TASK DESCRIPTION:
From the records below, return every line containing the word "proof".

Stored dataset items:
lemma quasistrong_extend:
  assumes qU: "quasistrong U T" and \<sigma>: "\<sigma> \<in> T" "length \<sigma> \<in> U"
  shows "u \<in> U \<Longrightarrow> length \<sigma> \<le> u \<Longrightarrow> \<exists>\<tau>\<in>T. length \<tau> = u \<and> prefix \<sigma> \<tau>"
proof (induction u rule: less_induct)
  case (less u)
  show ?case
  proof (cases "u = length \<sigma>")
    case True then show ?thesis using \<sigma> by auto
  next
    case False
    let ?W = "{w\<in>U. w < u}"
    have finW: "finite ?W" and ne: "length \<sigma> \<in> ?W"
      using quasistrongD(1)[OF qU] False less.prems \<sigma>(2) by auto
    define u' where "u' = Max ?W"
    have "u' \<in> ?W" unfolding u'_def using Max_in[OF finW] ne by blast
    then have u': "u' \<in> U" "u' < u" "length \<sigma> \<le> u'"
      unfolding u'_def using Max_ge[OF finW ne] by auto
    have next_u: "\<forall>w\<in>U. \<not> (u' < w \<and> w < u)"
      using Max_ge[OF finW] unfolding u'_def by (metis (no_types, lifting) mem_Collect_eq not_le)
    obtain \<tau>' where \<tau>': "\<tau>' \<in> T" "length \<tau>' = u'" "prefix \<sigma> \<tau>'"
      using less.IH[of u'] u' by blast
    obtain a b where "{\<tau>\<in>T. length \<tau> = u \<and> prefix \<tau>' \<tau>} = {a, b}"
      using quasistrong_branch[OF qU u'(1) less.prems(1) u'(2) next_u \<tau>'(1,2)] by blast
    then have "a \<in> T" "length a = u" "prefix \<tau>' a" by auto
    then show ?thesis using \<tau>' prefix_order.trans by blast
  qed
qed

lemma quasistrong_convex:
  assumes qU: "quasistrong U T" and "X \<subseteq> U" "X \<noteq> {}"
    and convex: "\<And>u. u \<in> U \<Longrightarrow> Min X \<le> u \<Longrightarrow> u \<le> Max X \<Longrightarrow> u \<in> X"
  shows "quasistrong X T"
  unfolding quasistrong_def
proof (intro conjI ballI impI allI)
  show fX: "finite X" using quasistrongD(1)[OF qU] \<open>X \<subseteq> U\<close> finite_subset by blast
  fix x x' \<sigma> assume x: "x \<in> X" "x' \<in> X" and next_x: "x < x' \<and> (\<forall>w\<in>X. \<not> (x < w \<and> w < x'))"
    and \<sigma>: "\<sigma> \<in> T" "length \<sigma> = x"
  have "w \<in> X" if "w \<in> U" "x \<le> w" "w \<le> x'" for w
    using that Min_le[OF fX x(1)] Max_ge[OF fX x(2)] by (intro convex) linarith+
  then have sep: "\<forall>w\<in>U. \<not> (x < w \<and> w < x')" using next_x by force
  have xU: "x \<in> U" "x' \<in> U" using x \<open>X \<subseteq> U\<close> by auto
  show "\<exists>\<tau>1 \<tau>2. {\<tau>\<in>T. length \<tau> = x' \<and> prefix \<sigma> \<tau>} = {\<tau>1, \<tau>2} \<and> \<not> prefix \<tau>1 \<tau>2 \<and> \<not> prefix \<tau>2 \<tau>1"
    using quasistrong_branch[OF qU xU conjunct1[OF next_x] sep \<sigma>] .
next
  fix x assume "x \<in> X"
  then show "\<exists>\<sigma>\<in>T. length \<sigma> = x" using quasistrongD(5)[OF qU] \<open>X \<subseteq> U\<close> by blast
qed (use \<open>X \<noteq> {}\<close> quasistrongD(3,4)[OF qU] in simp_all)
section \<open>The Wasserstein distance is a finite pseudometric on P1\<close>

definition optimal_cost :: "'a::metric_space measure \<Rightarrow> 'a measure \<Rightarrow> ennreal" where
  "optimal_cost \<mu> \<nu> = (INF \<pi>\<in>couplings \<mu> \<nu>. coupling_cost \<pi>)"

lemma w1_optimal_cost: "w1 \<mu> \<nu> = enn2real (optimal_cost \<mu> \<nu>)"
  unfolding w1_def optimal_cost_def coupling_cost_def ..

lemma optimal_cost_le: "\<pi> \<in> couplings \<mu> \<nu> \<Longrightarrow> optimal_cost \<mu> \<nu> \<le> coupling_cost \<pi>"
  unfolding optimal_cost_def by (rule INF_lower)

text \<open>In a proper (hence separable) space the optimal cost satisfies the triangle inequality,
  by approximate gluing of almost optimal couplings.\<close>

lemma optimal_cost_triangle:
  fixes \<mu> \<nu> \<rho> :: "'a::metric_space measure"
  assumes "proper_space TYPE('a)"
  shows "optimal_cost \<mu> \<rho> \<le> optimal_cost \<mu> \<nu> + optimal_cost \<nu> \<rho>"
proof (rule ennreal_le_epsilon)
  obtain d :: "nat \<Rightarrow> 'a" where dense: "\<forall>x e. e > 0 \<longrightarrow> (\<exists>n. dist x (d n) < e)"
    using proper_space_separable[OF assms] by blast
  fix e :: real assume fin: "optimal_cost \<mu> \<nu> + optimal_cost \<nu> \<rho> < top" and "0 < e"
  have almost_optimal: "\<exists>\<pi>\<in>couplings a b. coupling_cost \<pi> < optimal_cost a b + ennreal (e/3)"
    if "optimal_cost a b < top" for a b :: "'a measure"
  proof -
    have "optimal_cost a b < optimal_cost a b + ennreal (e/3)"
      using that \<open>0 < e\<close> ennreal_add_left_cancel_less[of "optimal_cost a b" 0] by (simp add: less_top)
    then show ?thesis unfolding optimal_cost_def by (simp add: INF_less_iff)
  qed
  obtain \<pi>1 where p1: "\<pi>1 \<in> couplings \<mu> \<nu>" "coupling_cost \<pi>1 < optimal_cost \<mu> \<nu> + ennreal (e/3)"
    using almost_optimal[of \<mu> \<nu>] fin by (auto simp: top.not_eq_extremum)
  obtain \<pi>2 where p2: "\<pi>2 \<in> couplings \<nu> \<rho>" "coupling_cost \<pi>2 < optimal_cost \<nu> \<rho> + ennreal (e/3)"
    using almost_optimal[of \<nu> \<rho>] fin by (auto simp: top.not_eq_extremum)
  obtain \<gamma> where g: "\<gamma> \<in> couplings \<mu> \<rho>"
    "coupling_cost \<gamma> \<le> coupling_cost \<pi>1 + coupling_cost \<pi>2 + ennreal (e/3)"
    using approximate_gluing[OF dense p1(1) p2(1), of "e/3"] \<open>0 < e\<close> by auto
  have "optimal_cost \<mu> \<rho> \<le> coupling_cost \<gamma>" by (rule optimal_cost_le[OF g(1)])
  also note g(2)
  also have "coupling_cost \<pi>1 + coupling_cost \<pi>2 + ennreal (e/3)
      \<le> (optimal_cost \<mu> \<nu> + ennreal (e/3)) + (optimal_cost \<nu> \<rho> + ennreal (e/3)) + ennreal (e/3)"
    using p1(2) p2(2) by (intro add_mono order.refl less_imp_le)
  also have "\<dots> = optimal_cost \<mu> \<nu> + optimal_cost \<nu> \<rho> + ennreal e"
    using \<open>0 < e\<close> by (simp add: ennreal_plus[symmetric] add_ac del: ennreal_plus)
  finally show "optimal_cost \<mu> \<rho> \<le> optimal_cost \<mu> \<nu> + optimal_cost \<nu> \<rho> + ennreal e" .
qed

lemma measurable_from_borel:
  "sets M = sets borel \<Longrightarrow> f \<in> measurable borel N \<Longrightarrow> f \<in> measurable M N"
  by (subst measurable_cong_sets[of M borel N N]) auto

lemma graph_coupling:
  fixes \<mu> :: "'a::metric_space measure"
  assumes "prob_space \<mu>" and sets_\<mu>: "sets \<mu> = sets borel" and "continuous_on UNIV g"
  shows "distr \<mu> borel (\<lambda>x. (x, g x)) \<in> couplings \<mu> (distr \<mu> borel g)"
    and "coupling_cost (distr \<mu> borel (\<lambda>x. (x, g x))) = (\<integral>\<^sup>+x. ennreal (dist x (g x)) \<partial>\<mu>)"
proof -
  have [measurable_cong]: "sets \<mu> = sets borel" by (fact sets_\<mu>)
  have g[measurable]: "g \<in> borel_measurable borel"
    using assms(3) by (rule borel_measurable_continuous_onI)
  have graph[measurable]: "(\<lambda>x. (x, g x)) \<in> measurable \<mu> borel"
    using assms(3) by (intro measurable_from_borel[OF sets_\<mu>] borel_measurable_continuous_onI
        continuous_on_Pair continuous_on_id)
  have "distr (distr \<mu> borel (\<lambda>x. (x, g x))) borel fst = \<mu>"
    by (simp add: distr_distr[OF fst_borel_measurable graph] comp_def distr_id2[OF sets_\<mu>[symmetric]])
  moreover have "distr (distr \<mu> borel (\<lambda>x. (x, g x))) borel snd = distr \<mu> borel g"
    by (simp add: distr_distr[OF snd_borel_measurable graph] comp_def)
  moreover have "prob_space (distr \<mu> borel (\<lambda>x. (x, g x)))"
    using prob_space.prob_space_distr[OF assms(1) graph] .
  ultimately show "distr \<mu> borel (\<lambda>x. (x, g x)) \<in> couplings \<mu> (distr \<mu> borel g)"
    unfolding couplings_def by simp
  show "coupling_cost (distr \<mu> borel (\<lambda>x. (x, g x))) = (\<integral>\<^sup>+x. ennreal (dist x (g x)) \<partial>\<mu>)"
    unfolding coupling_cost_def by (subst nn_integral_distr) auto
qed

RESPONSE AREA:
proof (induction u rule: less_induct)
  proof (cases "u = length \<sigma>")
proof (intro conjI ballI impI allI)
proof (rule ennreal_le_epsilon)
  proof -
proof -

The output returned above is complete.